В те времена рыбу в ухе как попало не мешали, варили из какой-то одной. Щука так щука, налим так налим, хариус так хариус. Ну, а окуней костлявых никто за рыбу не считал. Не рыба, а так, шушера.
– Здоров будь, дядько Влах! – завидев знакомого торговца, Ляшин помахал рукою.
Дядько поднялся на ноги:
– Эвон, Ляксей! И тебе здорово. Садись с нами, ушицы…
– Да только поел… Мне бы Бояну…
– Так с Радмилой она… Иль у телеги, Радмила вроде как в гостях.
Радмила – это была цыганка, торговка ушлая и на язык вострая. Однако – не злая. К ней-то Алексей и определил Бояну. Попросил на время пригреть по совету Никодима Иваныча. Наверное, за три-то дня оттаяла, отошла девчонка… Теперь можно и за дело, нынче отдыхать некогда.
Алексей обнаружил Бояну за самой дальней телегой, у рощи. Девушка сидела, привалясь спиной к теплому камню, и… Нет, не плакала, но похоже, грустила. Уставилась куда-то в одну точку и так сидела, не шевелясь, только лишь иногда что-то про себя шептала. Молитвы? Или – проклятия?

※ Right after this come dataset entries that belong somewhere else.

lemma bij_betw_Prod_squarefree_divisors:
  fixes m :: nat
  assumes "m > 0"
  shows "bij_betw Prod (Pow (prime_factors m)) {d. d dvd m \<and> squarefree d}"
proof (rule bij_betw_byWitness[where f' = prime_factors])
  show "\<forall>X\<in>Pow (prime_factors m). prime_factors (\<Prod>X) = X"
    using prime_factors_Prod_subset by blast
  show "\<forall>d\<in>{d. d dvd m \<and> squarefree d}. \<Prod>(prime_factors d) = d"
  proof
    fix d assume "d \<in> {d. d dvd m \<and> squarefree d}"
    then have "squarefree d" and "d \<noteq> 0"
      using assms by auto
    then have "multiplicity p d = 1" if "p \<in> prime_factors d" for p
      using that squarefree_factorial_semiring' by blast
    then show "\<Prod>(prime_factors d) = d"
      using prod_prime_factors[OF \<open>d \<noteq> 0\<close>] by simp
  qed
  show "Prod ` Pow (prime_factors m) \<subseteq> {d. d dvd m \<and> squarefree d}"
  proof clarify
    fix X assume X: "X \<subseteq> prime_factors m"
    have "mset_set X \<subseteq># mset_set (prime_factors m)"
      using X by (simp add: subset_imp_msubset_mset_set)
    also have "\<dots> \<subseteq># prime_factorization m"
      by (rule mset_set_set_mset_msubset)
    moreover have "\<Prod>X > 0"
      using X by (intro prod_pos) (auto simp: in_prime_factors_iff prime_gt_0_nat)
    ultimately have "\<Prod>X dvd m"
      using X by (intro prime_factorization_subset_imp_dvd) (auto simp: prime_factorization_Prod_subset)
    moreover have "squarefree (\<Prod>X)"
      using X by (intro squarefree_prod_coprime) (auto intro: primes_coprime squarefree_prime simp: in_prime_factors_iff)
    ultimately show "\<Prod>X dvd m \<and> squarefree (\<Prod>X)" ..
  qed
  show "prime_factors ` {d. d dvd m \<and> squarefree d} \<subseteq> Pow (prime_factors m)"
    using assms by (auto intro: dvd_prime_factors[THEN subsetD])
qed

lemma sum_moebius_mu_divisors:
  fixes m :: nat
  assumes "m > 0"
  shows "(\<Sum>d | d dvd m. of_int (moebius_mu d) :: 'a::comm_ring_1) = (if m = 1 then 1 else 0)"
proof -
  have "(\<Sum>d | d dvd m. of_int (moebius_mu d) :: 'a) = (\<Sum>d | d dvd m \<and> squarefree d. of_int (moebius_mu d))"
    using assms by (intro sum.mono_neutral_right) (auto simp: moebius_mu_def)
  also have "\<dots> = (\<Sum>X\<in>Pow (prime_factors m). of_int (moebius_mu (\<Prod>X)))"
    by (rule sum.reindex_bij_betw[OF bij_betw_Prod_squarefree_divisors[OF assms], symmetric])
  also have "\<dots> = (\<Sum>X\<in>Pow (prime_factors m). (-1) ^ card X)"
  proof (intro sum.cong refl)
    fix X assume X: "X \<in> Pow (prime_factors m)"
    then have "squarefree (\<Prod>X)"
      using bij_betw_imp_surj_on[OF bij_betw_Prod_squarefree_divisors[OF assms]] by blast
    moreover have "prime_factors (\<Prod>X) = X"
      using X by (simp add: prime_factors_Prod_subset)
    ultimately show "of_int (moebius_mu (\<Prod>X)) = ((-1) ^ card X :: 'a)"
      by (simp add: moebius_mu_def)
  qed
  also have "\<dots> = (\<Prod>p\<in>prime_factors m. 1 - 1)"
    using prod_diff_conv_sum[of "prime_factors m" "\<lambda>_. 1::'a" "\<lambda>_. 1"] by simp
  also have "\<dots> = (if m = 1 then 1 else 0)"
    using assms by (simp add: power_0_left card_eq_0_iff prime_factorization_empty_iff)
  finally show ?thesis .
qed

lemma sum_moebius_mu_common_divisors:
  assumes "l > 0"
  shows "(\<Sum>e | e dvd l \<and> e dvd h. of_int (moebius_mu e) :: 'a::comm_ring_1) = (if coprime h l then 1 else 0)"
proof -
  have "{e. e dvd l \<and> e dvd h} = {e. e dvd gcd h l}"
    by auto
  then have "(\<Sum>e | e dvd l \<and> e dvd h. of_int (moebius_mu e) :: 'a) = (\<Sum>e | e dvd gcd h l. of_int (moebius_mu e))"
    by (simp only:)
  also have "\<dots> = (if gcd h l = 1 then 1 else 0)"
    using assms by (intro sum_moebius_mu_divisors) simp
  also have "\<dots> = (if coprime h l then 1 else 0)"
    by (simp only: coprime_iff_gcd_eq_1)
  finally show ?thesis .
qed

lemma norm_moebius_mu_char_le:
  assumes "dirichlet_char q \<phi>"
  shows "norm (of_int (moebius_mu d) * \<phi> d) \<le> 1"
  using abs_moebius_mu_le[of d] norm_dirichlet_char_le[OF assms, of d]
  by (simp add: norm_mult mult_le_one)

section \<open>Dirichlet series\<close>

text \<open>For \<open>n = 0\<close> the set of divisors is infinite, so the sum is \<open>0\<close>.\<close>

definition dirichlet_conv :: "(nat \<Rightarrow> 'a::semiring_0) \<Rightarrow> (nat \<Rightarrow> 'a) \<Rightarrow> nat \<Rightarrow> 'a" where
  "dirichlet_conv a b n = (\<Sum>d | d dvd n. a d * b (n div d))"

lemma sum_divisors_reflect:
  fixes n :: nat and f :: "nat \<Rightarrow> 'a::comm_monoid_add"
  shows "(\<Sum>d | d dvd n. f (n div d)) = (\<Sum>d | d dvd n. f d)"
proof (cases "n = 0")
  case False
  then show ?thesis
    by (intro sum.reindex_bij_witness[of _ "(div) n" "(div) n"]) (auto elim: dvdE)
qed simp

lemma dirichlet_conv_char_moebius_mu:
  assumes \<phi>: "dirichlet_char q \<phi>"
  shows "dirichlet_conv \<phi> (\<lambda>d. of_int (moebius_mu d) * \<phi> d) n = (if n = 1 then 1 else 0)"
proof (cases "n = 0")
  case False
  have "dirichlet_conv \<phi> (\<lambda>d. of_int (moebius_mu d) * \<phi> d) n = \<phi> n * (\<Sum>d | d dvd n. of_int (moebius_mu (n div d)))"
    unfolding dirichlet_conv_def sum_distrib_left
  proof (intro sum.cong refl)
    fix d assume "d \<in> {d. d dvd n}"
    then have "\<phi> d * \<phi> (n div d) = \<phi> n"
      by (simp add: dirichlet_char_mult[OF \<phi>, symmetric])
    then show "\<phi> d * (of_int (moebius_mu (n div d)) * \<phi> (n div d)) = \<phi> n * of_int (moebius_mu (n div d))"
      by (simp add: ac_simps)
  qed
  also have "\<dots> = \<phi> n * (if n = 1 then 1 else 0)"
    using False sum_divisors_reflect[where f = "\<lambda>d. of_int (moebius_mu d) :: complex" and n = n]
    by (simp add: sum_moebius_mu_divisors)
  also have "\<dots> = (if n = 1 then 1 else 0)"
    using dirichlet_char_1[OF \<phi>] by simp
  finally show ?thesis .
qed (simp add: dirichlet_conv_def)
lemma negligible_mult_moderate:
  assumes "moderate f" and "negligible g"
  shows "negligible (\<lambda>e. f e * g e)"
  unfolding negligible_iff_bigo
proof
  fix m
  obtain N where "f \<in> O[at_right 0](\<lambda>e. 1 / e ^ N)"
    using assms(1) by (auto simp: moderate_iff_bigo)
  moreover have "g \<in> O[at_right 0](\<lambda>e. e ^ (m + N))"
    using assms(2) by (simp add: negligible_iff_bigo)
  ultimately have "(\<lambda>e. f e * g e) \<in> O[at_right 0](\<lambda>e. 1 / e ^ N * e ^ (m + N))"
    by (rule landau_o.big.mult)
  moreover have "\<forall>\<^sub>F e in at_right 0. 1 / e ^ N * e ^ (m + N) = (e::real) ^ m"
    using eventually_at_right_less[of "0::real"] by eventually_elim (simp add: power_add)
  ultimately show "(\<lambda>e. f e * g e) \<in> O[at_right 0](\<lambda>e. e ^ m)"
    by (simp add: landau_o.big.cong)
qed

lemma negligible_sqrt_abs:
  assumes "negligible f"
  shows "negligible (\<lambda>e. sqrt \<bar>f e\<bar>)"
  unfolding negligible_def
proof
  fix m :: nat
  obtain C \<eta> where "0 < \<eta>" and C: "\<forall>e. 0 < e \<and> e < \<eta> \<and> e \<le> 1 \<longrightarrow> \<bar>f e\<bar> \<le> C * e ^ (2 * m)"
    using assms unfolding negligible_def by blast
  have "\<bar>sqrt \<bar>f e\<bar>\<bar> \<le> sqrt \<bar>C\<bar> * e ^ m" if "0 < e" "\<bar>f e\<bar> \<le> C * e ^ (2 * m)" for e
  proof -
    have "(e ^ m)\<^sup>2 = e ^ (2 * m)"
      by (simp add: power_mult[symmetric] mult.commute)
    then have "\<bar>f e\<bar> \<le> \<bar>C\<bar> * (e ^ m)\<^sup>2"
      using that by (simp add: order_trans[OF _ mult_right_mono])
    then have "sqrt \<bar>f e\<bar> \<le> sqrt (\<bar>C\<bar> * (e ^ m)\<^sup>2)" by (rule real_sqrt_le_mono)
    with \<open>0 < e\<close> show ?thesis by (simp add: real_sqrt_mult)
  qed
  with \<open>0 < \<eta>\<close> C show "\<exists>C \<eta>. 0 < \<eta> \<and> (\<forall>e. 0 < e \<and> e < \<eta> \<and> e \<le> 1 \<longrightarrow> \<bar>sqrt \<bar>f e\<bar>\<bar> \<le> C * e ^ m)"
    by blast
qed

lemma negligible_imp_moderate: "negligible f \<Longrightarrow> moderate f"
proof -
  assume "negligible f"
  then have "f \<in> O[at_right 0](\<lambda>e. e ^ 0)" unfolding negligible_iff_bigo ..
  then show "moderate f" unfolding moderate_iff_bigo by (intro exI[of _ 0]) simp
qed

lemma moderate_const: "moderate (\<lambda>_. c)"
  unfolding moderate_iff_bigo by (intro exI[of _ 0]) simp

lemma moderate_dominated:
  assumes "moderate f" and "\<And>e. e \<in> Iset \<Longrightarrow> \<bar>g e\<bar> \<le> \<bar>f e\<bar>"
  shows "moderate g"
proof -
  have "g \<in> O[at_right 0](f)"
    by (intro bigoI[of _ 1] eventually_at_right_0_if_Iset) (simp add: assms(2))
  with assms(1) show ?thesis
    unfolding moderate_iff_bigo by (blast intro: landau_o.big_trans)
qed

lemma inverse_power_bigo_mono:
  assumes "N \<le> M"
  shows "(\<lambda>e::real. 1 / e ^ N) \<in> O[at_right 0](\<lambda>e. 1 / e ^ M)"
  using assms
  by (intro bigoI[of _ 1] eventually_at_right_0_if_Iset)
    (auto simp: Iset_def intro!: divide_left_mono power_decreasing)

lemma moderate_add:
  assumes "moderate f" and "moderate g"
  shows "moderate (\<lambda>e. f e + g e)"
proof -
  obtain N M where f: "f \<in> O[at_right 0](\<lambda>e. 1 / e ^ N)" and g: "g \<in> O[at_right 0](\<lambda>e. 1 / e ^ M)"
    using assms by (auto simp: moderate_iff_bigo)
  have "f \<in> O[at_right 0](\<lambda>e. 1 / e ^ (N + M))"
    by (rule landau_o.big_trans[OF f inverse_power_bigo_mono]) simp
  moreover have "g \<in> O[at_right 0](\<lambda>e. 1 / e ^ (N + M))"
    by (rule landau_o.big_trans[OF g inverse_power_bigo_mono]) simp
  ultimately show ?thesis
    unfolding moderate_iff_bigo by (blast intro: sum_in_bigo)
qed

lemma smooth_net_cong:
  assumes "smooth_net f" and "\<And>e. e \<in> Iset \<Longrightarrow> f e = g e"
  shows "smooth_net g"
  using assms unfolding smooth_net_def by auto

lemma smooth_net_coinduct:
  assumes "\<And>g. g \<in> T \<Longrightarrow> \<exists>g'\<in>T. \<forall>e\<in>Iset. (g has_real_derivative g' e) (at e within Iset)"
    and "f \<in> T"
  shows "smooth_net f"
proof -
  from assms(1) have step: "\<forall>g\<in>T. \<exists>g'. g' \<in> T \<and> (\<forall>e\<in>Iset. (g has_real_derivative g' e) (at e within Iset))"
    by blast
  obtain d where d: "\<forall>g\<in>T. d g \<in> T \<and> (\<forall>e\<in>Iset. (g has_real_derivative d g e) (at e within Iset))"
    using bchoice[OF step] by blast
  define D where "D n = (d ^^ n) f" for n
  have "D n \<in> T" for n
    by (induction n) (simp_all add: D_def \<open>f \<in> T\<close> d)
  then have "\<forall>n. \<forall>e\<in>Iset. (D n has_real_derivative D (Suc n) e) (at e within Iset)"
    using d by (simp add: D_def)
  then show ?thesis
    unfolding smooth_net_def by (intro exI[of _ D]) (simp add: D_def)
qed

lemma smooth_net_has_smooth_derivative:
  assumes "smooth_net f"
  shows "\<exists>f'. smooth_net f' \<and> (\<forall>e\<in>Iset. (f has_real_derivative f' e) (at e within Iset))"
proof -
  obtain D where D0: "\<forall>e\<in>Iset. D 0 e = f e"
    and DS: "\<forall>n. \<forall>e\<in>Iset. (D n has_real_derivative D (Suc n) e) (at e within Iset)"
    using assms unfolding smooth_net_def by blast
  have "smooth_net (D 1)"
    unfolding smooth_net_def using DS by (intro exI[of _ "\<lambda>n. D (Suc n)"]) auto
  moreover have "(f has_real_derivative D 1 e) (at e within Iset)" if "e \<in> Iset" for e
    by (rule has_field_derivative_transform_within[of "D 0" _ _ _ 1]) (use DS D0 that in auto)
  ultimately show ?thesis by blast
qed

text \<open>The product rule needs derivatives of both factors in the same set, so closure properties
  of smooth nets are obtained for whole generated algebras at once.\<close>

inductive_set generated_algebra :: "(real \<Rightarrow> real) set \<Rightarrow> (real \<Rightarrow> real) set" for B where
  base: "f \<in> B \<Longrightarrow> f \<in> generated_algebra B"
| const: "(\<lambda>_. c) \<in> generated_algebra B"
| add: "f \<in> generated_algebra B \<Longrightarrow> g \<in> generated_algebra B \<Longrightarrow>
    (\<lambda>e. f e + g e) \<in> generated_algebra B"
| mult: "f \<in> generated_algebra B \<Longrightarrow> g \<in> generated_algebra B \<Longrightarrow>
    (\<lambda>e. f e * g e) \<in> generated_algebra B"

lemma smooth_net_generated_algebra:
  assumes "\<And>f. f \<in> B \<Longrightarrow>
      \<exists>f'\<in>generated_algebra B. \<forall>e\<in>Iset. (f has_real_derivative f' e) (at e within Iset)"
    and "h \<in> generated_algebra B"
  shows "smooth_net h"
proof (rule smooth_net_coinduct[OF _ assms(2)])
  fix g assume "g \<in> generated_algebra B"
  then show "\<exists>g'\<in>generated_algebra B. \<forall>e\<in>Iset. (g has_real_derivative g' e) (at e within Iset)"
  proof induction
    case (base f)
    then show ?case using assms(1) by blast
  next
    case (const c)
    show ?case by (intro bexI[of _ "\<lambda>_. 0"]) (auto intro: generated_algebra.const)
  next
    case (add f g)
    then obtain f' g' where "f' \<in> generated_algebra B" "g' \<in> generated_algebra B"
      "\<forall>e\<in>Iset. (f has_real_derivative f' e) (at e within Iset)"
      "\<forall>e\<in>Iset. (g has_real_derivative g' e) (at e within Iset)" by blast
    then show ?case
      by (intro bexI[of _ "\<lambda>e. f' e + g' e"]) (auto intro: generated_algebra.add derivative_intros)
  next
    case (mult f g)
    then obtain f' g' where "f' \<in> generated_algebra B" "g' \<in> generated_algebra B"
      "\<forall>e\<in>Iset. (f has_real_derivative f' e) (at e within Iset)"
      "\<forall>e\<in>Iset. (g has_real_derivative g' e) (at e within Iset)" by blast
    then show ?case
      by (intro bexI[of _ "\<lambda>e. f e * g' e + f' e * g e"])
        (auto intro!: generated_algebra.add generated_algebra.mult mult.hyps DERIV_mult')
  qed
qed
(* Let $\{A_{k,n}:0\le k\le n,\ n\in\mathbb N\}$ be a triangular array of complex random variables satisfying Assumptions 1* and 2*. Then almost surely: $\lim_{n\to\infty}|A_{n,n}|^{1/n}=1$; for each fixed $k\ge0$, $\lim_{n\to\infty}|A_{k,n}|^{1/n}=1$; and $\lim_{n\to\infty}\max_{0\le k\le n}|A_{k,n}|^{1/n}=1$.
   Context: $F_{k,n}(x)=\mathbb P(|A_{k,n}|\le x)$. Assumption 1*: there is $N\in\mathbb N$ such that for each $n\ge N$ the random variables $|A_{0,n}|,\dots,|A_{n,n}|$ are jointly independent; and there are $a>1$ and a function $f:[a,\infty)\to[0,1]$ such that $f(x)\log x$ is decreasing, $\int_a^\infty f(x)\frac{\log x}{x}\,dx<\infty$, and $1-F_{k,n}(x)\le f(x)$ for all $x\ge a$, all $0\le k\le n$, all $n\ge N$. Assumption 2*: there are $N\in\mathbb N$, $0<b<1$ and an increasing $g:[0,b]\to[0,1]$ with $\int_0^bg(x)\,dx/x<\infty$ and $F_{k,n}(x)\le g(x)$ for all $x\in[0,b]$, $0\le k\le n$, $n\ge N$. *)

theory Defs
  imports "HOL-Probability.Probability"
begin

definition cdf_abs :: "'a measure \<Rightarrow> ('a \<Rightarrow> complex) \<Rightarrow> real \<Rightarrow> real" where
  "cdf_abs M X x = measure M {\<omega> \<in> space M. cmod (X \<omega>) \<le> x}"

end

theory Submission
  imports Defs "HOL-Real_Asymp.Real_Asymp"
begin

(* Fix e > 0.  By a union bound, the probability that some |A k n|,
   k <= n, exceeds exp (n e) is at most (n + 1) f (exp (n e)); the probability
   that a given |A k n| is at most exp (-n e) is at most g (exp (-n e)).
   Comparing these sums with the integrals of f x ln x / x over [a, oo) and of
   g x / x over (0, b] on the exponential grid exp (m e) shows that both series
   converge, so Borel-Cantelli gives, almost surely and for all large n,
   exp (-n e) <= |A k n| <= exp (n e).  Taking e = 1/(j+1) for all j at once,
   n-th roots squeeze the three sequences of the theorem to 1. *)

lemma eventually_exp_linear_ge:
  fixes e c :: real
  assumes "e > 0"
  shows "eventually (\<lambda>n. c \<le> exp (real n * e)) sequentially"
proof -
  have "filterlim (\<lambda>n::nat. exp (real n * e)) at_top sequentially" using assms by real_asymp
  then show ?thesis by (simp add: filterlim_at_top)
qed

lemma eventually_exp_neg_linear_le:
  fixes e b :: real
  assumes "e > 0" and "b > 0"
  shows "eventually (\<lambda>n. exp (-(real n * e)) \<le> b) sequentially"
proof -
  have "(\<lambda>n::nat. exp (-(real n * e))) \<longlonglongrightarrow> 0" using assms(1) by real_asymp
  from order_tendstoD(2)[OF this assms(2)] show ?thesis by (rule eventually_mono) simp
qed

lemma summable_of_dominated_steps:
  fixes h :: "real \<Rightarrow> real" and l u d :: "nat \<Rightarrow> real"
  assumes fin: "(\<integral>\<^sup>+ x\<in>S. ennreal (h x) \<partial>lborel) < \<infinity>"
    and sub: "\<And>n. {l n..<u n} \<subseteq> S"
    and disj: "disjoint_family (\<lambda>n. {l n..<u n})"
    and lu: "\<And>n. l n \<le> u n"
    and d0: "\<And>n. 0 \<le> d n"
    and dh: "\<And>n x. x \<in> {l n..<u n} \<Longrightarrow> d n \<le> h x"
  shows "summable (\<lambda>n. d n * (u n - l n))"
proof -
  have step_integral: "(\<integral>\<^sup>+x. (\<Sum>n. ennreal (d n) * indicator {l n..<u n} x) \<partial>lborel)
      = (\<Sum>n. ennreal (d n * (u n - l n)))"
    using d0 lu by (subst nn_integral_suminf) (simp_all add: nn_integral_cmult_indicator ennreal_mult)
  have dominated: "(\<Sum>n. ennreal (d n) * indicator {l n..<u n} x) \<le> ennreal (h x) * indicator S x" for x
  proof (cases "\<exists>m. x \<in> {l m..<u m}")
    case True
    then obtain m where m: "x \<in> {l m..<u m}" by blast
    have "x \<notin> {l n..<u n}" if "n \<noteq> m" for n
      using disj m that unfolding disjoint_family_on_def by blast
    then have "(\<Sum>n. ennreal (d n) * indicator {l n..<u n} x) = ennreal (d m)"
      using m by (subst suminf_finite[of "{m}"]) auto
    also have "\<dots> \<le> ennreal (h x) * indicator S x"
      using m sub[of m] dh[OF m] by (auto simp: ennreal_leI)
    finally show ?thesis .
  qed simp
  have "(\<Sum>n. ennreal (d n * (u n - l n))) \<le> (\<integral>\<^sup>+x\<in>S. ennreal (h x) \<partial>lborel)"
    unfolding step_integral[symmetric] by (intro nn_integral_mono dominated)
  with fin have "(\<Sum>n. ennreal (d n * (u n - l n))) \<noteq> \<top>" by (auto simp: top_unique)
  then show ?thesis using d0 lu by (intro summable_suminf_not_top) auto
qed

lemma exp_grid_disjoint:
  fixes e :: real and \<sigma> :: "nat \<Rightarrow> int"
  assumes "e > 0" and "inj \<sigma>"
  shows "disjoint_family (\<lambda>n. {exp (real_of_int (\<sigma> n) * e)..<exp (real_of_int (\<sigma> n + 1) * e)})"
proof -
  have "exp ((s + 1) * e) \<le> exp (s' * e)" if "s < s'" for s s' :: int
    using that \<open>e > 0\<close> by (intro exp_mono mult_right_mono) auto
  then show ?thesis
    using \<open>inj \<sigma>\<close> unfolding disjoint_family_on_def inj_def
    by (metis disjoint_iff atLeastLessThan_iff linorder_neqE order.trans not_le)
qed
inductive caterpillar_tree :: "'a ltree \<Rightarrow> bool" where
  cherry: "x \<noteq> y \<Longrightarrow> caterpillar_tree (Nd a (Lf x) b (Lf y))"
| attach: "caterpillar_tree S \<Longrightarrow> z \<notin> leaves S \<Longrightarrow> caterpillar_tree (pendant left a z b S)"

lemma card_leaves_caterpillar_tree: "caterpillar_tree T \<Longrightarrow> 2 \<le> card (leaves T)"
  by (induction rule: caterpillar_tree.induct) auto

lemma finite_cherries: "finite (cherries T)"
  by (induction T rule: cherries.induct) auto

lemma cherries_subset_leaves: "c \<in> cherries T \<Longrightarrow> c \<subseteq> leaves T \<and> c \<noteq> {}"
  by (induction T rule: cherries.induct) auto

lemma cherries_eq_empty_iff: "cherries T = {} \<longleftrightarrow> (\<exists>x. T = Lf x)"
proof (induction T)
  case (Nd a l b r)
  then show ?case by (cases l; cases r) auto
qed simp

lemma two_le_card_cherries:
  assumes "distinct (leaf_list (Nd a l b r))" and "cherries l \<noteq> {}" and "cherries r \<noteq> {}"
  shows "2 \<le> card (cherries (Nd a l b r))"
proof -
  have "cherries (Nd a l b r) = cherries l \<union> cherries r"
    using assms(2) by (cases l) (auto simp: cherries_eq_empty_iff)
  moreover have "cherries l \<inter> cherries r = {}"
  proof -
    have "leaves l \<inter> leaves r = {}"
      using assms(1) by (auto simp: leaves_eq_set_leaf_list)
    then show ?thesis using cherries_subset_leaves by blast
  qed
  moreover have "card (cherries l) \<ge> 1" "card (cherries r) \<ge> 1"
    using assms(2,3) finite_cherries by (simp_all add: Suc_le_eq card_gt_0_iff)
  ultimately show ?thesis
    by (simp add: card_Un_disjoint finite_cherries)
qed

– Я не хочу жить, – девушка искоса посмотрела на присевшего рядом парня. – И не знаю, что делать. Он… он насиловал меня каждый день… Все правильно – я же была наложница, рабыня… А рабынь используют. Всегда. Вот и Хашим-ага использовал… Ты, верно, тоже хочешь того же?
Пушистые ресницы дрогнули, глаза сверкнули грозою… Вспыхнули и тут же угасли… Бояна снова ушла в себя… вернее, хотела бы…
– Кое-кто обещал научить меня обращаться, – Ляшин вытащил из-за пояса ятаган. – Без твоей помощи – точно пальцы порежу.
– Порежешь, – девушка невольно улыбнулась. – Ты неправильно держишь. Дай, покажу.
Пожав плечами, молодой человек протянул клинок.
– Держи, видишь, как? – показала Бояна. – И вот так – бей!
Ударила, с ходу смахнув верхушки росшей рядом смородины. Быстро, но не торопясь. Без всякой суеты, спокойно…
– Главное – только наметить удар, – девчонка вернула оружие. – Дальше клинок сам пойдет. На, пробуй…
– Ага… Так?
Молодой человек размахнулся, ударил…
– Не так. Зачем такой сильный замах? Это же тебе не сабля, а просто большой и длинный нож.
Ну, это Алексей знал и так – солдаты рассказывали. В Османской империи не принято было ходить по городу с саблей… вот янычары и выкрутились. Ножи-то разрешались.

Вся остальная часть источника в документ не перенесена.